▶
lemma exists_directed_set_small_lower_sets:
  fixes A :: "real set"
  assumes inf: "infinite A"
  shows "\<exists>le. directed_set A le \<and> \<not> card_order_on A (dir_rel A le) \<and>
           (\<forall>a\<in>A. |{b\<in>A. le b a}| <o |A| )"
proof -
  obtain p where p: "p \<in> A"
    using infinite_imp_nonempty[OF inf] by blast
  have "infinite (A - {p})" using inf by simp
  then obtain q where q: "q \<in> A" "q \<noteq> p"
    using infinite_imp_nonempty by blast
  \<comment> \<open>collapsing q onto p in the cardinal order of A destroys antisymmetry but keeps lower sets small\<close>
  define g where "g b = (if b = q then p else b)" for b
  define le where "le a b \<longleftrightarrow> (g a, g b) \<in> |A|" for a b
  have g: "g ` A \<subseteq> A" using p by (auto simp: g_def)
  have "directed_set A le"
    unfolding le_def using p g by (intro directed_set_pullback_well_order) auto
  moreover have "\<not> card_order_on A (dir_rel A le)"
  proof
    assume "card_order_on A (dir_rel A le)"
    then have "antisym (dir_rel A le)"
      unfolding card_order_on_def well_order_on_def linear_order_on_def partial_order_on_def by blast
    moreover have "refl_on A |A|"
      using card_of_Well_order[of A]
      by (simp add: well_order_on_def linear_order_on_def partial_order_on_def preorder_on_def)
    then have "(p, p) \<in> |A|" using p by (rule refl_onD)
    then have "(p, q) \<in> dir_rel A le" "(q, p) \<in> dir_rel A le"
      using p q by (auto simp: dir_rel_def le_def g_def)
    ultimately show False using q(2) by (auto dest: antisymD)
  qed
  moreover have "|{b\<in>A. le b a}| <o |A|" if a: "a \<in> A" for a
  proof -
    have "{b\<in>A. le b a} \<subseteq> {q, g a} \<union> underS |A| (g a)"
      by (auto simp: le_def g_def underS_def)
    then have "|{b\<in>A. le b a}| \<le>o |{q, g a} \<union> underS |A| (g a)|"
      by (rule card_of_mono1)
    moreover have "|{q, g a}| <o |A|"
      by (rule finite_ordLess_infinite[OF card_of_Well_order card_of_Well_order, unfolded Field_card_of])
         (simp_all add: inf)
    moreover have "|underS |A| (g a)| <o |A|"
      using card_of_underS[OF card_of_Card_order, of "g a" A] g a by auto
    ultimately show ?thesis
      using card_of_Un_ordLess_infinite[OF inf] ordLeq_ordLess_trans by blast
  qed
  ultimately show ?thesis by blast
qed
◀
Work request: Reproduce the listing word for word from its first line up to and including the line with "q) \<in> dir_rel". Give no other lines.

Answer section:
lemma exists_directed_set_small_lower_sets:
  fixes A :: "real set"
  assumes inf: "infinite A"
  shows "\<exists>le. directed_set A le \<and> \<not> card_order_on A (dir_rel A le) \<and>
           (\<forall>a\<in>A. |{b\<in>A. le b a}| <o |A| )"
proof -
  obtain p where p: "p \<in> A"
    using infinite_imp_nonempty[OF inf] by blast
  have "infinite (A - {p})" using inf by simp
  then obtain q where q: "q \<in> A" "q \<noteq> p"
    using infinite_imp_nonempty by blast
  \<comment> \<open>collapsing q onto p in the cardinal order of A destroys antisymmetry but keeps lower sets small\<close>
  define g where "g b = (if b = q then p else b)" for b
  define le where "le a b \<longleftrightarrow> (g a, g b) \<in> |A|" for a b
  have g: "g ` A \<subseteq> A" using p by (auto simp: g_def)
  have "directed_set A le"
    unfolding le_def using p g by (intro directed_set_pullback_well_order) auto
  moreover have "\<not> card_order_on A (dir_rel A le)"
  proof
    assume "card_order_on A (dir_rel A le)"
    then have "antisym (dir_rel A le)"
      unfolding card_order_on_def well_order_on_def linear_order_on_def partial_order_on_def by blast
    moreover have "refl_on A |A|"
      using card_of_Well_order[of A]
      by (simp add: well_order_on_def linear_order_on_def partial_order_on_def preorder_on_def)
    then have "(p, p) \<in> |A|" using p by (rule refl_onD)
    then have "(p, q) \<in> dir_rel A le" "(q, p) \<in> dir_rel A le"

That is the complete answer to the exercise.